The most remarkable characteristic of straddle type monorail transit is that a vehicle is required to straddle on a monorail track beam to run quickly, the track beam is not only a bearing beam, but also a track for running of a train, and therefore the straddle type monorail track beam has extremely high requirements on manufacturing accuracy and construction quality.
However, at present, the manufacturing, installation and acceptance of the domestic single-rail simple-supported steel-concrete combination beam are all in the starting stage, a set of complete and acknowledged process flows for machining and assembling the steel structure do not exist, and the manufacturing and assembling processes of the steel main beam stable surface component are different from the process methods adopted by manufacturers, so that the technical personnel in the field provide a novel manufacturing method and assembling method for the straddle-type single-rail steel-concrete combination track beam stable surface component to better ensure the machining and manufacturing quality of the stable surface component and improve the machining precision of the stable surface component. The novel assembling method can improve the machining precision of the steel main beam of the track beam and is beneficial to promoting the wide application of the steel-concrete combined beam and steel beam structure in straddle type monorail transit.
Disclosure of Invention
In view of the above-mentioned defects of the prior art, the technical problem to be solved by the present invention is to provide a novel method for manufacturing and assembling a straddle-type monorail steel-concrete combined track beam stabilizing surface component. The novel assembling method can improve the machining precision of the steel main beam of the track beam and is beneficial to promoting the wide application of the steel-concrete combined beam and steel beam structure in straddle type monorail transit.

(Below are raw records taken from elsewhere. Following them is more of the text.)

lemma trig_gen_cnj:
  assumes A: "subspace A" and "g \<in> trig_gen T A"
  shows "(\<lambda>p. cnj (g p)) \<in> trig_gen T A"
proof -
  obtain P a where 1: "C1_fun P" "periodic_fun T P" "a \<in> A"
    "g = (\<lambda>(t, x). complex_of_real (P t) * exp (\<i> * complex_of_real (inner x a)))"
    using assms(2) by (rule trig_genE)
  have "(\<lambda>(t, x). complex_of_real (P t) * exp (\<i> * complex_of_real (inner x (- a)))) \<in> trig_gen T A"
    using 1 A by (intro trig_genI subspace_neg)
  moreover have "(\<lambda>p. cnj (g p)) =
      (\<lambda>(t, x). complex_of_real (P t) * exp (\<i> * complex_of_real (inner x (- a))))"
    by (auto simp: fun_eq_iff 1(4) exp_cnj)
  ultimately show ?thesis by simp
qed

lemma trig_gen_time:
  "C1_fun P \<Longrightarrow> periodic_fun T P \<Longrightarrow> subspace A \<Longrightarrow> (\<lambda>p. complex_of_real (P (fst p))) \<in> trig_gen T A"
  using trig_genI[of P T 0 A] by (simp add: subspace_0 case_prod_unfold)

lemma trig_gen_space:
  "a \<in> A \<Longrightarrow> (\<lambda>p. exp (\<i> * complex_of_real (inner (snd p) a))) \<in> trig_gen T A"
  using trig_genI[OF C1_fun_const periodic_fun_const, of a A 1] by (simp add: case_prod_unfold)

lemma trig_gen_props:
  assumes "T > 0" "g \<in> trig_gen T A"
  shows "continuous_on UNIV g" "\<exists>B. \<forall>p. norm (g p) \<le> B" "periodic_fun T (\<lambda>t. g (t, x))"
    "\<forall>a\<in>A. inner x a = inner y a \<Longrightarrow> g (t, x) = g (t, y)"
proof -
  obtain P a where g: "C1_fun P" "periodic_fun T P" "a \<in> A"
    "g = (\<lambda>(t, x). complex_of_real (P t) * exp (\<i> * complex_of_real (inner x a)))"
    using assms(2) by (rule trig_genE)
  have "continuous_on UNIV (\<lambda>p. complex_of_real (P (fst p)) * exp (\<i> * complex_of_real (inner (snd p) a)))"
    by (intro continuous_intros continuous_on_compose2[OF C1_fun_continuous[OF g(1)]]) auto
  then show "continuous_on UNIV g" by (simp add: g(4) case_prod_beta)
  obtain B where "\<And>t. \<bar>P t\<bar> \<le> B"
    using periodic_fun_bounded[OF assms(1) g(2) C1_fun_continuous[OF g(1)]] by blast
  then show "\<exists>B. \<forall>p. norm (g p) \<le> B" by (auto simp: g(4) norm_mult case_prod_beta)
  show "periodic_fun T (\<lambda>t. g (t, x))" using g(2) by (simp add: g(4) periodic_fun_def)
  show "\<forall>a\<in>A. inner x a = inner y a \<Longrightarrow> g (t, x) = g (t, y)" using g(3) by (simp add: g(4))
qed
(* Let $\alpha\in(0,1)$. Consider the repeated game with action sets $\mathcal{A}$, $\mathcal{B}$ and vector payoff $m_{\mathrm{reg}}:\mathcal{A}\times\mathcal{B}\to\mathbb{R}\times\mathbb{R}^{\mathcal{A}}$, $$m_{\mathrm{reg}}(a,b)=\Big(\mathbf{1}_{b\le a},\ \big(\ell_\alpha(a,b)-\ell_\alpha(a',b)\big)_{a'\in\mathcal{A}}\Big),\qquad \ell_\alpha(a,b)=(\alpha-\mathbf{1}_{b\le a})(b-a).$$ Then the closed convex set $S_{\mathrm{reg}}=[0,\alpha]\times(-\infty,0]^{\mathcal{A}}$ is not approachable: there is no strategy of the learner guaranteeing, for every strategy of the opponent, $d\big(\frac1T\sum_{t=1}^T m_{\mathrm{reg}}(a_t,b_t),S_{\mathrm{reg}}\big)\to0$ almost surely.
   Context: Fix $n\ge1$; $\mathcal{A}=\{k/(n+1):k=0,\dots,n+1\}$ (so $|\mathcal{A}|=n+2$), $\mathcal{B}=\{k/(n+1):k=1,\dots,n+1\}$. Repeated game: at each round $t$ the learner chooses a mixed action on $\mathcal{A}$ and the opponent a mixed action on $\mathcal{B}$, both as functions of the past, and $a_t$, $b_t$ are drawn independently from them given the past. $d$ denotes Euclidean point-to-set distance. *)

theory Defs
  imports "HOL-Probability.Probability"
begin

definition actA :: "nat \<Rightarrow> real set" where
  "actA n = {real k / real (n + 1) | k. k \<le> n + 1}"

definition actB :: "nat \<Rightarrow> real set" where
  "actB n = {real k / real (n + 1) | k. 1 \<le> k \<and> k \<le> n + 1}"

definition pinball :: "real \<Rightarrow> real \<Rightarrow> real \<Rightarrow> real" where
  "pinball \<alpha> a b = (\<alpha> - (if b \<le> a then 1 else 0)) * (b - a)"

text \<open>Vectors of R x R^A are represented as functions on the index set
  insert None (Some ` A): coordinate None is the first (real) component,
  coordinate Some a' is the component indexed by a' in A.\<close>
definition coords :: "nat \<Rightarrow> real option set" where
  "coords n = insert None (Some ` actA n)"

definition m_reg :: "real \<Rightarrow> real \<Rightarrow> real \<Rightarrow> real option \<Rightarrow> real" where
  "m_reg \<alpha> a b i = (case i of
      None \<Rightarrow> (if b \<le> a then 1 else 0)
    | Some a' \<Rightarrow> pinball \<alpha> a b - pinball \<alpha> a' b)"

definition S_reg :: "nat \<Rightarrow> real \<Rightarrow> (real option \<Rightarrow> real) set" where
  "S_reg n \<alpha> = {v. 0 \<le> v None \<and> v None \<le> \<alpha> \<and> (\<forall>a'\<in>actA n. v (Some a') \<le> 0)}"

definition eucl_setdist :: "'i set \<Rightarrow> ('i \<Rightarrow> real) \<Rightarrow> ('i \<Rightarrow> real) set \<Rightarrow> real" where
  "eucl_setdist I v S = Inf {sqrt (\<Sum>i\<in>I. (v i - s i)^2) | s. s \<in> S}"

definition hist :: "(nat \<Rightarrow> 'w \<Rightarrow> real) \<Rightarrow> (nat \<Rightarrow> 'w \<Rightarrow> real) \<Rightarrow> nat \<Rightarrow> 'w \<Rightarrow> (real \<times> real) list" where
  "hist a b t \<omega> = map (\<lambda>i. (a i \<omega>, b i \<omega>)) [0..<t]"

definition strategy_on :: "real set \<Rightarrow> ((real \<times> real) list \<Rightarrow> real pmf) \<Rightarrow> bool" where
  "strategy_on X \<sigma> \<longleftrightarrow> (\<forall>h. set_pmf (\<sigma> h) \<subseteq> X)"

In order to achieve the aim, the invention provides a manufacturing method of a straddle type monorail steel-concrete combined track beam stable surface structural part, which is characterized by comprising the following steps:
s100, performing full-bridge integral lofting, and cutting and blanking plates of the stable surface component after segmentation, wherein the plates comprise a panel, a longitudinal supporting plate and a transverse supporting plate;
s200, placing the panel on a platform, drawing a central line for the panel, and drawing a longitudinal supporting plate positioning line and a transverse supporting plate positioning line to two sides by taking the central line as a reference;
s300, after the borderlines of the longitudinal supporting plate and the transverse supporting plate are respectively aligned with the positioning line of the longitudinal supporting plate and the positioning line of the transverse supporting plate on the panel, the longitudinal supporting plate and the transverse supporting plate are fixed on the panel and then welded, and the borderlines of the contact sides are trimmed.
Further, in the step S100, the cutting and blanking manner is precision numerical control cutting and blanking of a numerical control cutting machine.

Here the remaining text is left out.